Crutch Walking and Functional Grasp in the Congenital Triple Amputee
Henry H. Sherk, M.D. *
Mary D. Ames, M.D. *
Marie Merchant, A.B. *
The purpose of this report is to describe our experience in management of the child with congenital absence of both legs and the left forearm and hand. In the treatment program it was difficult to reconcile independent crutch walking with functional grasp and the modifications of the prosthesis which made this possible are useful and of interest.
F.R. is a ten-year old child born of a normal pregnancy. There is no history of maternal illness, injury or drug ingestion. At birth he was found to have a complete bilateral lower-limb amelia with a congenital absence of the left forearm and hand (Fig. 1 ). He was neurologically intact.
At eight months of age he was provided with a "bucket" prosthesis and allowed to stand. At sixteen months, pylons were attached to the bucket and at six years of age, after the pylons had been lengthened several times, he was provided with knee joints. Since that time, he has worn a bilateral hip-disarticulation socket with free hip joints, manual locking knees and Sach feet (Fig. 2 and Fig. 3 ).
The problem arose in reconciling the dual functions of weight-bearing on the left upper limb during use of a crutch and grasp of the hook.
The patient was taught to ambulate with a swing-through gait with two crutches, one of which is held in his right hand while the other is secured in the elbow disarticulation arm (Fig. 3 ). While walking he carries the Dorrance hook inside the forearm of the prosthetic limb. When he is in the sitting position, he can unscrew the crutch and insert the hook into the arm. After attaching the cable, he can activate the terminal device for functional grasp (Fig. 4 and Fig. 5 ). At the age of ten and one-half years he has been "mainstreamed" into regular classes and attends the fifth grade with normal children.
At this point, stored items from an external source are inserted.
lemma pred_PiM_law_pair:
  "i \<in> I \<Longrightarrow> j \<in> I \<Longrightarrow> W \<in> sets (borel \<Otimes>\<^sub>M borel) \<Longrightarrow>
    Measurable.pred (PiM I (\<lambda>_. law)) (\<lambda>z. (z i, z j) \<in> W)"
  by (rule pred_sets2[OF _ measurable_Pair[OF measurable_component_law measurable_component_law]])

lemma nn_integral_PiM_law_pivot:
  fixes a :: "real \<Rightarrow> ennreal" and \<psi> :: "nat \<Rightarrow> real \<Rightarrow> real \<Rightarrow> ennreal"
  assumes i: "i < n" and a: "a \<in> borel_measurable borel"
    and \<psi>: "\<And>j. (\<lambda>p. \<psi> j (fst p) (snd p)) \<in> borel_measurable (borel \<Otimes>\<^sub>M borel)"
  shows "(\<integral>\<^sup>+ z. a (z i) * (\<Prod>j\<in>{0..<n}-{i}. \<psi> j (z i) (z j)) \<partial>PiM {0..<n} (\<lambda>_. law))
       = (\<integral>\<^sup>+ y. ennreal (f y) * (a y * (\<Prod>j\<in>{0..<n}-{i}. \<integral>\<^sup>+ t. \<psi> j y t \<partial>law)) \<partial>lborel)"
proof -
  interpret product_sigma_finite "\<lambda>_::nat. law" by (rule product_sigma_finite_law)
  let ?K = "{0..<n}-{i}"
  have ins: "insert i ?K = {0..<n}" using i by auto
  have \<psi>_section: "\<psi> j y \<in> borel_measurable borel" for j y
    using measurable_Pair2[OF \<psi>[of j], of y] by simp
  have "(\<lambda>z. \<psi> j (z i) (z j)) \<in> borel_measurable (PiM (insert i ?K) (\<lambda>_. law))" if "j \<in> ?K" for j
  proof -
    have "(\<lambda>z. (z i, z j)) \<in> measurable (PiM (insert i ?K) (\<lambda>_. law)) (borel \<Otimes>\<^sub>M borel)"
      by (rule measurable_Pair; rule measurable_component_law) (use that in auto)
    from measurable_comp[OF this \<psi>[of j]] show ?thesis by (simp add: comp_def)
  qed
  moreover have "(\<lambda>z. a (z i)) \<in> borel_measurable (PiM (insert i ?K) (\<lambda>_. law))"
    using measurable_comp[OF measurable_component_law[of i "insert i ?K"] a] by (simp add: comp_def)
  ultimately have "(\<lambda>z. a (z i) * (\<Prod>j\<in>?K. \<psi> j (z i) (z j))) \<in> borel_measurable (PiM (insert i ?K) (\<lambda>_. law))"
    by (intro borel_measurable_times_ennreal borel_measurable_prod_ennreal; assumption?) simp
  then have "(\<integral>\<^sup>+ z. a (z i) * (\<Prod>j\<in>?K. \<psi> j (z i) (z j)) \<partial>PiM (insert i ?K) (\<lambda>_. law))
     = (\<integral>\<^sup>+ y. (\<integral>\<^sup>+ x. a ((x(i:=y)) i) * (\<Prod>j\<in>?K. \<psi> j ((x(i:=y)) i) ((x(i:=y)) j))
          \<partial>PiM ?K (\<lambda>_. law)) \<partial>law)"
    by (rule product_nn_integral_insert_rev[rotated 2]) auto
  also have "\<dots> = (\<integral>\<^sup>+ y. a y * (\<integral>\<^sup>+ x. (\<Prod>j\<in>?K. \<psi> j y (x j)) \<partial>PiM ?K (\<lambda>_. law)) \<partial>law)"
  proof (intro nn_integral_cong)
    fix y
    have "(\<integral>\<^sup>+ x. a ((x(i:=y)) i) * (\<Prod>j\<in>?K. \<psi> j ((x(i:=y)) i) ((x(i:=y)) j)) \<partial>PiM ?K (\<lambda>_. law))
        = (\<integral>\<^sup>+ x. a y * (\<Prod>j\<in>?K. \<psi> j y (x j)) \<partial>PiM ?K (\<lambda>_. law))"
      by (intro nn_integral_cong) (auto intro!: prod.cong)
    also have "\<dots> = a y * (\<integral>\<^sup>+ x. (\<Prod>j\<in>?K. \<psi> j y (x j)) \<partial>PiM ?K (\<lambda>_. law))"
    proof (rule nn_integral_cmult)
      have "(\<lambda>x. \<psi> j y (x j)) \<in> borel_measurable (PiM ?K (\<lambda>_. law))" if "j \<in> ?K" for j
        using measurable_comp[OF measurable_component_law[OF that] \<psi>_section[of j y]]
        by (simp add: comp_def)
      then show "(\<lambda>x. \<Prod>j\<in>?K. \<psi> j y (x j)) \<in> borel_measurable (PiM ?K (\<lambda>_. law))"
        by (intro borel_measurable_prod_ennreal) auto
    qed
    finally show "(\<integral>\<^sup>+ x. a ((x(i:=y)) i) * (\<Prod>j\<in>?K. \<psi> j ((x(i:=y)) i) ((x(i:=y)) j)) \<partial>PiM ?K (\<lambda>_. law))
        = a y * (\<integral>\<^sup>+ x. (\<Prod>j\<in>?K. \<psi> j y (x j)) \<partial>PiM ?K (\<lambda>_. law))" .
  qed
  also have "\<dots> = (\<integral>\<^sup>+ y. a y * (\<Prod>j\<in>?K. \<integral>\<^sup>+ t. \<psi> j y t \<partial>law) \<partial>law)"
  proof (intro nn_integral_cong arg_cong2[where f="(*)"] refl product_nn_integral_prod)
    fix y j show "\<psi> j y \<in> borel_measurable law"
      using \<psi>_section[of j y] unfolding measurable_cong_sets[OF sets_law refl] .
  qed simp
  also have "\<dots> = (\<integral>\<^sup>+ y. ennreal (f y) * (a y * (\<Prod>j\<in>?K. \<integral>\<^sup>+ t. \<psi> j y t \<partial>law)) \<partial>lborel)"
  proof -
    have "(\<lambda>y. \<integral>\<^sup>+ t. \<psi> j y t \<partial>law) \<in> borel_measurable borel" for j
    proof (rule law.borel_measurable_nn_integral)
      show "case_prod (\<psi> j) \<in> borel_measurable (borel \<Otimes>\<^sub>M law)"
        using \<psi>[of j] by (simp add: measurable_cong_sets[OF sets_pair_measure_cong[OF refl sets_law] refl]
            case_prod_beta')
    qed
    then have "(\<lambda>y. a y * (\<Prod>j\<in>?K. \<integral>\<^sup>+ t. \<psi> j y t \<partial>law)) \<in> borel_measurable lborel"
      by (intro borel_measurable_times_ennreal borel_measurable_prod_ennreal) (simp_all add: a)
    then show ?thesis
      using density_measurable unfolding law_def by (intro nn_integral_density) simp_all
  qed
  finally show ?thesis unfolding ins .
qed

lemma sets_pivot_pattern:
  assumes i: "i < n" and T: "T \<subseteq> {0..<n}-{i}" and A: "A \<in> sets borel" and J[measurable]: "J \<in> sets borel"
  shows "{z \<in> space (PiM {0..<n} (\<lambda>_. law)). pivot_pattern n A J z i T} \<in> sets (PiM {0..<n} (\<lambda>_. law))"
proof -
  define W1 where "W1 = {p::real \<times> real. fst p < snd p \<and> snd p - fst p \<in> J}"
  define W2 where "W2 = {p::real \<times> real. snd p \<le> fst p}"
  have "Measurable.pred (borel \<Otimes>\<^sub>M borel) (\<lambda>p::real \<times> real. fst p < snd p \<and> snd p - fst p \<in> J)"
    by measurable
  from predE[OF this] have W1: "W1 \<in> sets (borel \<Otimes>\<^sub>M borel)"
    unfolding W1_def by (simp add: space_pair_measure)
  have "Measurable.pred (borel \<Otimes>\<^sub>M borel) (\<lambda>p::real \<times> real. snd p \<le> fst p)"
    by measurable
  from predE[OF this] have W2: "W2 \<in> sets (borel \<Otimes>\<^sub>M borel)"
    unfolding W2_def by (simp add: space_pair_measure)
  have "finite T" using T finite_subset by blast
  then have "Measurable.pred (PiM {0..<n} (\<lambda>_. law))
      (\<lambda>z. z i \<in> A \<and> (\<forall>j\<in>T. (z i, z j) \<in> W1) \<and> (\<forall>j\<in>{0..<n}-{i}-T. (z i, z j) \<in> W2))"
    using T i W1 W2 A
    by (intro pred_intros_logic(3) pred_intros_finite(3) pred_PiM_law_pair
        pred_PiM_law_component) auto
  from predE[OF this] show ?thesis unfolding W1_def W2_def pivot_pattern_def by simp
qed

lemma emeasure_PiM_law_pivot_pattern:
  assumes i: "i < n" and T: "T \<subseteq> {0..<n}-{i}" and [measurable]: "A \<in> sets borel" "J \<in> sets borel"
  shows "emeasure (PiM {0..<n} (\<lambda>_. law)) {z \<in> space (PiM {0..<n} (\<lambda>_. law)). pivot_pattern n A J z i T}
       = pivot_weight (card T) (card ({0..<n}-{i}-T)) A (gap_tail J)"
proof -
  let ?P = "PiM {0..<n} (\<lambda>_. law)"
  let ?K = "{0..<n}-{i}"
  define \<psi> where "\<psi> j x t = (if j \<in> T then (if x < t \<and> t - x \<in> J then 1 else 0)
                                   else (if t \<le> x then 1 else (0::ennreal)))" for j x t
  have \<psi>_meas: "(\<lambda>p. \<psi> j (fst p) (snd p)) \<in> borel_measurable (borel \<Otimes>\<^sub>M borel)" for j
    unfolding \<psi>_def by measurable
  have \<psi>_integral: "(\<integral>\<^sup>+ t. \<psi> j y t \<partial>law)
      = ennreal (if j \<in> T then gap_tail J y else cdf_of_density f y)" for j y
  proof (cases "j \<in> T")
    case True
    have "{t. y < t \<and> t - y \<in> J} \<in> sets law" by measurable
    moreover have "(\<integral>\<^sup>+ t. \<psi> j y t \<partial>law) = (\<integral>\<^sup>+ t. indicator {t. y < t \<and> t - y \<in> J} t \<partial>law)"
      using True by (intro nn_integral_cong) (auto simp: \<psi>_def indicator_def)
    ultimately show ?thesis using True by (simp add: gap_tail_def law.emeasure_eq_measure)
  next
    case False
    have "(\<integral>\<^sup>+ t. \<psi> j y t \<partial>law) = (\<integral>\<^sup>+ t. indicator {..y} t \<partial>law)"
      using False by (intro nn_integral_cong) (auto simp: \<psi>_def indicator_def)
    then show ?thesis using False by (simp add: cdf_eq_measure law.emeasure_eq_measure)
  qed
  have "emeasure ?P {z \<in> space ?P. pivot_pattern n A J z i T}
      = (\<integral>\<^sup>+ z. indicator A (z i) * (\<Prod>j\<in>?K. \<psi> j (z i) (z j)) \<partial>?P)"
  proof -
    have "indicator {z \<in> space ?P. pivot_pattern n A J z i T} z = indicator A (z i) * (\<Prod>j\<in>?K. \<psi> j (z i) (z j))"
      if "z \<in> space ?P" for z
    proof -
      have "(\<Prod>j\<in>?K. \<psi> j (z i) (z j))
          = (\<Prod>j\<in>?K. if (if j \<in> T then z i < z j \<and> z j - z i \<in> J else z j \<le> z i) then 1 else 0)"
        by (intro prod.cong) (auto simp: \<psi>_def)
      then show ?thesis
        using that T by (auto simp: prod_if_one_zero indicator_def pivot_pattern_def)
    qed
    then show ?thesis
      using sets_pivot_pattern[OF i T] by (simp flip: nn_integral_indicator cong: nn_integral_cong)
  qed
  also have "\<dots> = (\<integral>\<^sup>+ y. ennreal (f y) * (indicator A y * (\<Prod>j\<in>?K. \<integral>\<^sup>+ t. \<psi> j y t \<partial>law)) \<partial>lborel)"
    by (rule nn_integral_PiM_law_pivot[OF i _ \<psi>_meas]) simp
  also have "\<dots> = pivot_weight (card T) (card ({0..<n}-{i}-T)) A (gap_tail J)"
    unfolding pivot_weight_def
  proof (intro nn_integral_cong)
    fix y
    have "(\<Prod>j\<in>?K. \<integral>\<^sup>+ t. \<psi> j y t \<partial>law)
        = (\<Prod>j\<in>?K \<inter> {j. j \<in> T}. ennreal (gap_tail J y)) * (\<Prod>j\<in>?K \<inter> - {j. j \<in> T}. ennreal (cdf_of_density f y))"
      unfolding \<psi>_integral by (simp add: prod.If_cases if_distrib)
    also have "?K \<inter> {j. j \<in> T} = T" using T by auto
    also have "?K \<inter> - {j. j \<in> T} = {0..<n}-{i}-T" by auto
    finally show "ennreal (f y) * (indicator A y * (\<Prod>j\<in>?K. \<integral>\<^sup>+ t. \<psi> j y t \<partial>law))
        = ennreal (f y * indicator A y * gap_tail J y ^ card T * cdf_of_density f y ^ card ({0..<n}-{i}-T))"
      using density_nonneg[of y] cdf_nonneg[of y] measure_nonneg[of law]
      by (simp add: gap_tail_def ennreal_mult' ennreal_mult ennreal_power indicator_def mult.assoc)
  qed
  finally show ?thesis .
qed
Relatively few reports have dealt with the rehabilitation of the congenital triple amputee with lower limb amelia and absence of a forearm and hand. The bilateral hip-disarticulation socket prosthesis has had prior application for this type of malformation but ambulation in such patients is difficult particularly when there is only one functional upper limb . In the case of the patient described in this report the problem was solved by providing the individual with two interchangeable terminal devices. The patient became adept at their use possibly because of their application very early in life. With an increase in weight and activity, modification of the elbow and the upper limb prosthesis became necessary to prevent frequent breakdown and time away from active use of the prosthesis.
- Aitken, G.T. and C.H. Frantz, Management of the childhood amputee. AAOS Instructional Course Lectures 17:246-295, 1960.
- Schulz, P.: Orthopedic care for subjects with multiple amputations, Beitr. Orthop. Traumatol. 21 (11):694-701, Nov. 1974.